In response to these results, pharmaceutical companies seem to be modifying their approach to finding new drug targets. There is some indication they are taking a more skeptical view of the literature, developing stronger in-house programs to find and evaluate new targets independently, and working more closely with biotechnology companies and academic that have a proven ability for good science. They certainly need to, given the lack of new reliable targets.
Why the Sudden Problem with Publication Reliability?
Is the reliability problem with published data really a new phenomena though? There are plenty of examples of egregious scientific fraud, from the Piltdown man to cold fusion. Scientific greats such as Isaac Newton and John Dalton faked their data. It's likely the dedicated monk Gregor Mendel, the founder of genetics, made a few data adjustments. So, it certainly doesn't seem to be a new problem. Why does it suddenly seem like a crisis then?

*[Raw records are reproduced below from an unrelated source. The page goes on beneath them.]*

lemma kraus_family_bound:
  fixes \<alpha> :: "nat \<Rightarrow> 'a::chilbert_space \<Rightarrow> 'a"
  assumes "separable_space TYPE('a)" and "kraus_family \<alpha>"
  obtains C where "C \<ge> 0" and "\<And>K v. finite K \<Longrightarrow> (\<Sum>i\<in>K. (norm (\<alpha> i v))\<^sup>2) \<le> C * (norm v)\<^sup>2"
proof -
  obtain c where c: "\<And>K v. finite K \<Longrightarrow>
      Re (cinner v (\<Sum>i\<in>K. adjoint (\<alpha> i) (\<alpha> i v))) \<le> c * Re (cinner v v)"
    using assms(2) unfolding kraus_family_def by blast
  have "(\<Sum>i\<in>K. (norm (\<alpha> i v))\<^sup>2) \<le> max c 0 * (norm v)\<^sup>2" if "finite K" for K v
  proof -
    have "Re (cinner v (\<Sum>i\<in>K. adjoint (\<alpha> i) (\<alpha> i v))) = (\<Sum>i\<in>K. (norm (\<alpha> i v))\<^sup>2)"
      by (simp add: cinner.right.sum Re_sum
          flip: cinner_adjoint[OF assms(1) bounded_op_kraus[OF assms(2)]])
    then show ?thesis
      using c[OF that, of v] by (smt (verit) mult_right_mono zero_le_power2 Re_cinner_self)
  qed
  then show ?thesis
    using that[of "max c 0"] by simp
qed

context
  fixes \<alpha> :: "nat \<Rightarrow> 'a::chilbert_space \<Rightarrow> 'a" and A :: "'a \<Rightarrow> 'a"
  assumes separable: "separable_space TYPE('a)" and kraus: "kraus_family \<alpha>"
    and trace_class: "pos_trace_class A"
begin

lemma bounded_op_trace_class: "bounded_op A" and op_nonneg_trace_class: "op_nonneg A"
  using trace_class by (simp_all add: pos_trace_class_def)

interpretation A: semi_inner_product "\<lambda>u v. cinner u (A v)"
  by (rule semi_inner_product_op[OF bounded_op_trace_class op_nonneg_trace_class])

lemma cinner_kraus_adjoint: "cinner x (\<alpha> i v) = cinner (adjoint (\<alpha> i) x) v"
  using cinner_adjoint[OF separable bounded_op_kraus[OF kraus], of i v x]
  by (simp add: cinner_commute[of x] cinner_commute[of "adjoint (\<alpha> i) x"])

lemma kraus_quadratic_form_bound:
  obtains M where "M \<ge> 0" and "\<And>G w. finite G \<Longrightarrow> (\<Sum>i\<in>G. A.qform (adjoint (\<alpha> i) w)) \<le> M * (norm w)\<^sup>2"
proof -
  obtain g :: "nat \<Rightarrow> 'a" where g: "\<And>v. ((\<lambda>k. (cmod (cinner (g k) v))\<^sup>2) has_sum A.qform v) UNIV"
    using quadratic_form_decomposition[OF separable bounded_op_trace_class op_nonneg_trace_class]
    by blast
  obtain T where T: "\<And>K. finite K \<Longrightarrow> (\<Sum>k\<in>K. (norm (g k))\<^sup>2) \<le> T"
    using sum_norm_sq_bounded_if_pos_trace_class[OF trace_class g] by blast
  obtain C where "C \<ge> 0" and C: "\<And>K v. finite K \<Longrightarrow> (\<Sum>i\<in>K. (norm (\<alpha> i v))\<^sup>2) \<le> C * (norm v)\<^sup>2"
    using kraus_family_bound[OF separable kraus] by blast
  have "(\<Sum>i\<in>G. A.qform (adjoint (\<alpha> i) w)) \<le> C * T * (norm w)\<^sup>2" if "finite G" for G w
  proof (rule has_sum_le_finite_sums)
    show "((\<lambda>k. \<Sum>i\<in>G. (cmod (cinner (\<alpha> i (g k)) w))\<^sup>2)
        has_sum (\<Sum>i\<in>G. A.qform (adjoint (\<alpha> i) w))) UNIV"
      using g by (intro has_sum_sum[OF that])
        (simp add: cinner_adjoint[OF separable bounded_op_kraus[OF kraus]])
    fix K :: "nat set" assume "finite K"
    have "(cmod (cinner (\<alpha> i (g k)) w))\<^sup>2 \<le> (norm (\<alpha> i (g k)))\<^sup>2 * (norm w)\<^sup>2" for i k
      using power_mono[OF cmod_cinner_le, of _ _ 2] by (simp add: power_mult_distrib)
    then have "(\<Sum>k\<in>K. \<Sum>i\<in>G. (cmod (cinner (\<alpha> i (g k)) w))\<^sup>2)
        \<le> (\<Sum>k\<in>K. (\<Sum>i\<in>G. (norm (\<alpha> i (g k)))\<^sup>2) * (norm w)\<^sup>2)"
      by (simp add: sum_mono sum_distrib_right)
    also have "\<dots> \<le> (\<Sum>k\<in>K. C * (norm (g k))\<^sup>2 * (norm w)\<^sup>2)"
      using C[OF that] by (intro sum_mono mult_right_mono) simp_all
    also have "\<dots> = C * (norm w)\<^sup>2 * (\<Sum>k\<in>K. (norm (g k))\<^sup>2)"
      by (simp add: sum_distrib_left mult_ac)
    also have "\<dots> \<le> C * T * (norm w)\<^sup>2"
      using mult_left_mono[OF T[OF \<open>finite K\<close>], of "C * (norm w)\<^sup>2"] \<open>C \<ge> 0\<close>
      by (simp add: mult_ac)
    finally show "(\<Sum>k\<in>K. \<Sum>i\<in>G. (cmod (cinner (\<alpha> i (g k)) w))\<^sup>2) \<le> C * T * (norm w)\<^sup>2" .
  qed
  moreover have "C * T \<ge> 0"
    using T[of "{}"] \<open>C \<ge> 0\<close> by simp
  ultimately show ?thesis
    using that by blast
qed

lemma kraus_quadratic_form_summable: "(\<lambda>i. A.qform (adjoint (\<alpha> i) x)) summable_on UNIV"
proof (rule nonneg_bdd_above_summable_on)
  obtain M where "\<And>G. finite G \<Longrightarrow> (\<Sum>i\<in>G. A.qform (adjoint (\<alpha> i) x)) \<le> M * (norm x)\<^sup>2"
    using kraus_quadratic_form_bound by metis
  then show "bdd_above (sum (\<lambda>i. A.qform (adjoint (\<alpha> i) x)) ` {F. F \<subseteq> UNIV \<and> finite F})"
    by (intro bdd_aboveI[where M="M * (norm x)\<^sup>2"]) auto
qed (rule A.qform_nonneg)

(* For the partial sum S, ||S||^2 = \<Sum>_i <\<alpha>_i^* S, A y_i>; Cauchy--Schwarz for <u, A v>, then
   for the sum, and the bound at w = S give ||S||^4 \<le> M ||S||^2 \<Sum>_i <y_i, A y_i>. *)
lemma norm_kraus_sum_sq_le:
  assumes "M \<ge> 0"
    and bound: "\<And>G w. finite G \<Longrightarrow> (\<Sum>i\<in>G. A.qform (adjoint (\<alpha> i) w)) \<le> M * (norm w)\<^sup>2"
    and "finite G"
  shows "(norm (\<Sum>i\<in>G. \<alpha> i (A (y i))))\<^sup>2 \<le> M * (\<Sum>i\<in>G. A.qform (y i))"
proof -
  define S where "S = (\<Sum>i\<in>G. \<alpha> i (A (y i)))"
  define z where "z i = adjoint (\<alpha> i) S" for i
  have "(norm S)\<^sup>2 = Re (\<Sum>i\<in>G. cinner (z i) (A (y i)))"
    by (simp add: S_def z_def cinner.right.sum cinner_kraus_adjoint flip: Re_cinner_self)
  also have "\<dots> \<le> (\<Sum>i\<in>G. cmod (cinner (z i) (A (y i))))"
    by (simp add: Re_sum sum_mono complex_Re_le_cmod)
  finally have "((norm S)\<^sup>2)\<^sup>2 \<le> (\<Sum>i\<in>G. cmod (cinner (z i) (A (y i))))\<^sup>2"
    by (rule power_mono) simp
  also have "\<dots> \<le> (\<Sum>i\<in>G. A.qform (z i)) * (\<Sum>i\<in>G. A.qform (y i))"
    by (rule A.sum_cmod_sq_le)
  also have "\<dots> \<le> M * (norm S)\<^sup>2 * (\<Sum>i\<in>G. A.qform (y i))"
    using bound[OF assms(3), of S] by (simp add: z_def mult_right_mono sum_nonneg A.qform_nonneg)
  finally have cancel: "(norm S)\<^sup>2 * (norm S)\<^sup>2 \<le> (norm S)\<^sup>2 * (M * (\<Sum>i\<in>G. A.qform (y i)))"
    by (simp only: power2_eq_square mult_ac)
  have "(norm S)\<^sup>2 \<le> M * (\<Sum>i\<in>G. A.qform (y i))"
  proof (cases "S = 0")
    case True
    then show ?thesis
      using \<open>M \<ge> 0\<close> by (simp add: sum_nonneg A.qform_nonneg)
  next
    case False
    then show ?thesis
      by (intro mult_left_le_imp_le[OF cancel]) simp
  qed
  then show ?thesis
    by (simp add: S_def)
qed

lemma kraus_series_summable: "(\<lambda>i. \<alpha> i (A (adjoint (\<alpha> i) x))) summable_on UNIV"
proof -
  obtain M where "M \<ge> 0"
    and "\<And>G w. finite G \<Longrightarrow> (\<Sum>i\<in>G. A.qform (adjoint (\<alpha> i) w)) \<le> M * (norm w)\<^sup>2"
    using kraus_quadratic_form_bound by blast
  then have "(norm (\<Sum>i\<in>G. \<alpha> i (A (adjoint (\<alpha> i) x))))\<^sup>2
      \<le> M * (\<Sum>i\<in>G. A.qform (adjoint (\<alpha> i) x))" if "finite G" for G
    by (rule norm_kraus_sum_sq_le[OF _ _ that])
  then show ?thesis
    by (rule summable_on_if_norm_sum_sq_le[OF kraus_quadratic_form_summable A.qform_nonneg])
qed

(* Since kraus_map is an unconditional sum, which is 0 for non-summable families, this
   identity rests on kraus_series_summable. *)
lemma cinner_kraus_map:
  "cinner x (kraus_map \<alpha> A x) = complex_of_real (\<Sum>\<^sub>\<infinity>i. A.qform (adjoint (\<alpha> i) x))"
proof -
  have "((\<lambda>i. cinner x (\<alpha> i (A (adjoint (\<alpha> i) x)))) has_sum cinner x (kraus_map \<alpha> A x)) UNIV"
    unfolding kraus_map_def
    by (intro has_sum_bounded_linear[OF bounded_linear_cinner_right] has_sum_infsum
        kraus_series_summable)
  moreover have "((\<lambda>i. complex_of_real (A.qform (adjoint (\<alpha> i) x)))
      has_sum complex_of_real (\<Sum>\<^sub>\<infinity>i. A.qform (adjoint (\<alpha> i) x))) UNIV"
    by (intro has_sum_of_real has_sum_infsum kraus_quadratic_form_summable)
  moreover have "cinner x (\<alpha> i (A (adjoint (\<alpha> i) x))) = complex_of_real (A.qform (adjoint (\<alpha> i) x))"
    for i
    by (subst cinner_kraus_adjoint) (rule A.self_real)
  ultimately show ?thesis
    using has_sum_unique by force
qed

end

lemma positivity_improving_if_dense_span:
  fixes \<alpha> :: "nat \<Rightarrow> 'a::chilbert_space \<Rightarrow> 'a"
  assumes "separable_space TYPE('a)" and "kraus_family \<alpha>"
    and dense: "\<forall>x::'a. x \<noteq> 0 \<longrightarrow> closure (cspan (range (\<lambda>i. adjoint (\<alpha> i) x))) = UNIV"
  shows "positivity_improving (kraus_map \<alpha>)"
  unfolding positivity_improving_def op_pos_def
proof (intro allI impI)
  fix A :: "'a \<Rightarrow> 'a" and x :: 'a
  assume A: "pos_trace_class A \<and> A \<noteq> (\<lambda>_. 0)" and "x \<noteq> 0"
  then have "bounded_op A" and "op_nonneg A"
    by (simp_all add: pos_trace_class_def)
  define q where "q i = Re (cinner (adjoint (\<alpha> i) x) (A (adjoint (\<alpha> i) x)))" for i
  have "q i \<ge> 0" for i
    using \<open>op_nonneg A\<close> by (simp add: q_def op_nonneg_def)
  have "\<exists>j. q j \<noteq> 0"
  proof (rule ccontr)
    assume "\<not> ?thesis"
    then have "A (adjoint (\<alpha> j) x) = 0" for j
      by (intro op_nonneg_kernel[OF \<open>bounded_op A\<close> \<open>op_nonneg A\<close>]) (simp add: q_def)
    then have "A = (\<lambda>_. 0)"
      using dense \<open>x \<noteq> 0\<close> by (intro bounded_op_eq_zero_if_dense_span[OF \<open>bounded_op A\<close>]) auto
    with A show False by simp
  qed
  then obtain j where "q j > 0"
    using \<open>\<And>i. q i \<ge> 0\<close> by (metis order_less_le)
  also have "q j \<le> (\<Sum>\<^sub>\<infinity>i. q i)"
    using kraus_quadratic_form_summable[OF assms(1,2) conjunct1[OF A], of x] \<open>\<And>i. q i \<ge> 0\<close>
    by (intro finite_sum_le_infsum[where B="{j}", simplified]) (simp_all add: q_def)
  finally show "0 < Re (cinner x (kraus_map \<alpha> A x)) \<and> Im (cinner x (kraus_map \<alpha> A x)) = 0"
    using cinner_kraus_map[OF assms(1,2) conjunct1[OF A], of x] by (simp add: q_def)
qed

theorem lemma3p3:
  fixes \<alpha> :: "nat \<Rightarrow> 'a::chilbert_space \<Rightarrow> 'a"
  assumes "separable_space TYPE('a)"
    and "kraus_family \<alpha>"
  shows "positivity_improving (kraus_map \<alpha>) \<longleftrightarrow>
         (\<forall>x::'a. x \<noteq> 0 \<longrightarrow> closure (cspan (range (\<lambda>i. adjoint (\<alpha> i) x))) = UNIV)"
  using dense_span_if_positivity_improving[OF assms(2)] positivity_improving_if_dense_span[OF assms]
  by blast

end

With the advent of the biotechnology industry and the digitalization of journals, science has entered a new era. The number of new scientific publications has grown by about 4.7% per year since the middle of last century. With on-line publishing and advanced search engines, it is also now possible for investigators to keep track of more published information. Articles easily overlooked in the past now pop up in a search as a result of a few key strokes. Simply, there are now more publications and they all get better exposure.
Starting the 1970s, the emerging biotechnology industry changed the landscape of drug development. Rather than blindly screening large libraries chemicals for some biological activity, a more directed rational approach to develop new drugs took hold. The new strategy exploited the recently developed tools of biotechnology to delve into the underlying genetic and biological mechanisms behind disease, then finding compounds that interacted with these factors to affect the disease biology in predictable ways.
However, this rational drug discovery approach places a much greater reliance on prior academic research to build up models of how the diseases such as cancer develop and progress and identify the aspects that might be susceptible to therapeutic treatment. Research findings are not merely interesting academic science. Mistakes have costly consequences. Companies make program decisions allocating money, resources, and time based on new findings in relevant publications. This intersection of science and business creates a dynamic that places a lot more scrutiny on published science.
Biotech Needs Better Reliability
The pharma and biotech industry is looking for a solution and, where there's a problem, there is opportunity. The most straightforward fix would be an independent replication of the data by an independent lab. The recently started Reproducibility Initiative is trying to encourage this approach by connecting publishing laboratories with groups that will run an independant validation of the study on a fee-for-service basis. While this would certainly help engender confidence in the results, it is also pretty costly and it can be very time consuming to reproduce some studies. Given this, it is not clear how successful this approach will be.
While it would probably not eliminate the irreproducibility problem, some basic procedural changes to publication and grant application requirements may be a practical way to improve the situation. For example, more emphasis of primary data disclosure, greater transparency of the peer review process, and an increased requirements for statistical rigor would likely address at significant part of the problem. What is clear is that, until something changes are made, it's a good idea to keep in mind the Benjamin Franklin's saying, "Believe none of what you hear and half of what you see." In this case, though, make that half of what you read. The trick, of course, is figuring out which half to believe.